RECORDS PROVIDED:
****************************************

lemma gr_mult_binomials:
  fixes c d :: "'r::comm_ring_1"
  assumes "x \<noteq> x'" "y \<noteq> y'"
  shows "gr_mult G (\<lambda>g. gr_basis x g + c * gr_basis x' g) (\<lambda>g. gr_basis y g + d * gr_basis y' g) g
   = (if x \<otimes>\<^bsub>G\<^esub> y = g then 1 else 0) + (if x \<otimes>\<^bsub>G\<^esub> y' = g then d else 0)
     + (if x' \<otimes>\<^bsub>G\<^esub> y = g then c else 0) + (if x' \<otimes>\<^bsub>G\<^esub> y' = g then c * d else 0)"
  by (subst gr_mult_eq_double_sum[where U = "{x, x'}" and V = "{y, y'}"])
    (use assms in \<open>auto simp: gr_basis_def add.assoc split: if_splits\<close>)

lemma gr_mult_monomial_binomial:
  fixes \<alpha> d :: "'r::comm_ring_1"
  assumes "y \<noteq> y'"
  shows "gr_mult G (\<lambda>g. \<alpha> * gr_basis z g) (\<lambda>g. gr_basis y g + d * gr_basis y' g) g
   = (if z \<otimes>\<^bsub>G\<^esub> y = g then \<alpha> else 0) + (if z \<otimes>\<^bsub>G\<^esub> y' = g then \<alpha> * d else 0)"
  by (subst gr_mult_eq_double_sum[where U = "{z}" and V = "{y, y'}"])
    (use assms in \<open>auto simp: gr_basis_def split: if_splits\<close>)

lemma gr_mult_binomial_monomial:
  fixes \<alpha> d :: "'r::comm_ring_1"
  assumes "y \<noteq> y'"
  shows "gr_mult G (\<lambda>g. gr_basis y g + d * gr_basis y' g) (\<lambda>g. \<alpha> * gr_basis z g) g
   = (if y \<otimes>\<^bsub>G\<^esub> z = g then \<alpha> else 0) + (if y' \<otimes>\<^bsub>G\<^esub> z = g then d * \<alpha> else 0)"
  by (subst gr_mult_eq_double_sum[where U = "{y, y'}" and V = "{z}"])
    (use assms in \<open>auto simp: gr_basis_def split: if_splits\<close>)

lemma star_pair_in_S_set:
  assumes "x \<in> carrier G - sym_elts G star"
  shows "(\<lambda>g. gr_basis x g + \<sigma> x * gr_basis (star x) g) \<in> S_set G star \<sigma>"
  unfolding S_set_def by (rule gr_span.gen) (use assms in \<open>auto simp: S_gens_def\<close>)

lemma double_basis_in_S_set:
  fixes \<sigma> :: "'g \<Rightarrow> 'r::comm_ring_1"
  assumes "z \<in> carrier G" "star z = z" "2 * (1 - \<sigma> z) = 0"
  shows "(\<lambda>g. 2 * gr_basis z g) \<in> S_set G star \<sigma>"
  unfolding S_set_def
proof (rule gr_span.gen)
  have "z \<in> sym_elts G star \<inter> kern G \<sigma> \<or> z \<in> sym_elts G star - kern G \<sigma>"
    using assms(1,2) by (auto simp: sym_elts_def kern_def)
  then show "(\<lambda>g. 2 * gr_basis z g) \<in> S_gens G star \<sigma>"
    using assms(3) unfolding S_gens_def by blast
qed

lemma anticommutativeD:
  assumes "anticommutative G S" "a \<in> S" "b \<in> S"
  shows "gr_mult G a b g + gr_mult G b a g = 0"
  using assms unfolding anticommutative_def by metis

locale anticommutative_S = group G for G :: "('a, 'b) monoid_scheme" (structure) +
  fixes star :: "'a \<Rightarrow> 'a" and \<sigma> :: "'a \<Rightarrow> 'r::comm_ring_1"
  assumes involution: "group_involution G star"
    and sigma_hom: "unit_hom G \<sigma>"
    and sigma_mult_star: "\<forall>z \<in> carrier G. \<sigma> (z \<otimes> star z) = 1"
    and char_neq_2: "CHAR('r) \<noteq> 2"
    and S_anticommutative: "anticommutative G (S_set G star \<sigma>)"
begin

abbreviation star_pair :: "'a \<Rightarrow> 'a \<Rightarrow> 'r" where
  "star_pair w \<equiv> \<lambda>g. gr_basis w g + \<sigma> w * gr_basis (star w) g"

abbreviation double_basis :: "'a \<Rightarrow> 'a \<Rightarrow> 'r" where
  "double_basis z \<equiv> \<lambda>g. 2 * gr_basis z g"

lemma star_closed [simp]: "a \<in> carrier G \<Longrightarrow> star a \<in> carrier G"
  and star_mult [simp]: "a \<in> carrier G \<Longrightarrow> b \<in> carrier G \<Longrightarrow> star (a \<otimes> b) = star b \<otimes> star a"
  and star_star [simp]: "a \<in> carrier G \<Longrightarrow> star (star a) = a"
  using involution by (auto simp: group_involution_def)

lemma star_eq_iff: "a \<in> carrier G \<Longrightarrow> b \<in> carrier G \<Longrightarrow> star a = star b \<longleftrightarrow> a = b"
  by (metis star_star)

lemma star_one [simp]: "star \<one> = \<one>"
  using star_mult[of \<one> \<one>] by simp

lemma sigma_unit: "a \<in> carrier G \<Longrightarrow> \<sigma> a dvd 1"
  and sigma_mult [simp]: "a \<in> carrier G \<Longrightarrow> b \<in> carrier G \<Longrightarrow> \<sigma> (a \<otimes> b) = \<sigma> a * \<sigma> b"
  using sigma_hom by (auto simp: unit_hom_def)

lemma sigma_one: "\<sigma> \<one> = 1"
  using sigma_mult_star[rule_format, of \<one>] by simp

lemma sigma_star: "a \<in> carrier G \<Longrightarrow> \<sigma> a * \<sigma> (star a) = 1"
  using sigma_mult_star[rule_format, of a] by simp

lemma two_neq_zero: "(2::'r) \<noteq> 0"
proof
  assume "(2::'r) = 0"
  then have "CHAR('r) dvd 2"
    by (metis of_nat_eq_0_iff_char_dvd of_nat_numeral)
  then have "CHAR('r) \<in> {1, 2}"
    using dvd_imp_le[of "CHAR('r)" 2] by (cases "CHAR('r)") auto
  with char_neq_2 show False by simp
qed

lemma double_unit_neq_zero:
  assumes "(u::'r) dvd 1" shows "2 * u \<noteq> 0"
proof
  assume "2 * u = 0"
  obtain k where "1 = u * k" using assms by (auto elim: dvdE)
  then have "(2::'r) = 2 * u * k" by (simp add: mult.assoc)
  with \<open>2 * u = 0\<close> two_neq_zero show False by simp
qed

lemma four_eq_zero:
  assumes w: "w \<in> carrier G - sym_elts G star"
  shows "(4::'r) = 0"
proof -
  have "star w \<noteq> w" using w by (auto simp: sym_elts_def)
  moreover have "gr_mult G (double_basis \<one>) (star_pair w) w
    + gr_mult G (star_pair w) (double_basis \<one>) w = 0"
    by (intro anticommutativeD[OF S_anticommutative] double_basis_in_S_set star_pair_in_S_set w)
      (auto simp: sigma_one)
  ultimately have "(2::'r) + 2 = 0"
    using w by (simp add: gr_mult_monomial_binomial gr_mult_binomial_monomial)
  then show ?thesis by simp
qed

****************************************

AIM OF THE EXERCISE: Only the lines from the one holding "obtain k where" through the final line of the entries, both included, should be given again, word for word.

RESULT:
  obtain k where "1 = u * k" using assms by (auto elim: dvdE)
  then have "(2::'r) = 2 * u * k" by (simp add: mult.assoc)
  with \<open>2 * u = 0\<close> two_neq_zero show False by simp
qed

lemma four_eq_zero:
  assumes w: "w \<in> carrier G - sym_elts G star"
  shows "(4::'r) = 0"
proof -
  have "star w \<noteq> w" using w by (auto simp: sym_elts_def)
  moreover have "gr_mult G (double_basis \<one>) (star_pair w) w
    + gr_mult G (star_pair w) (double_basis \<one>) w = 0"
    by (intro anticommutativeD[OF S_anticommutative] double_basis_in_S_set star_pair_in_S_set w)
      (auto simp: sigma_one)
  ultimately have "(2::'r) + 2 = 0"
    using w by (simp add: gr_mult_monomial_binomial gr_mult_binomial_monomial)
  then show ?thesis by simp
qed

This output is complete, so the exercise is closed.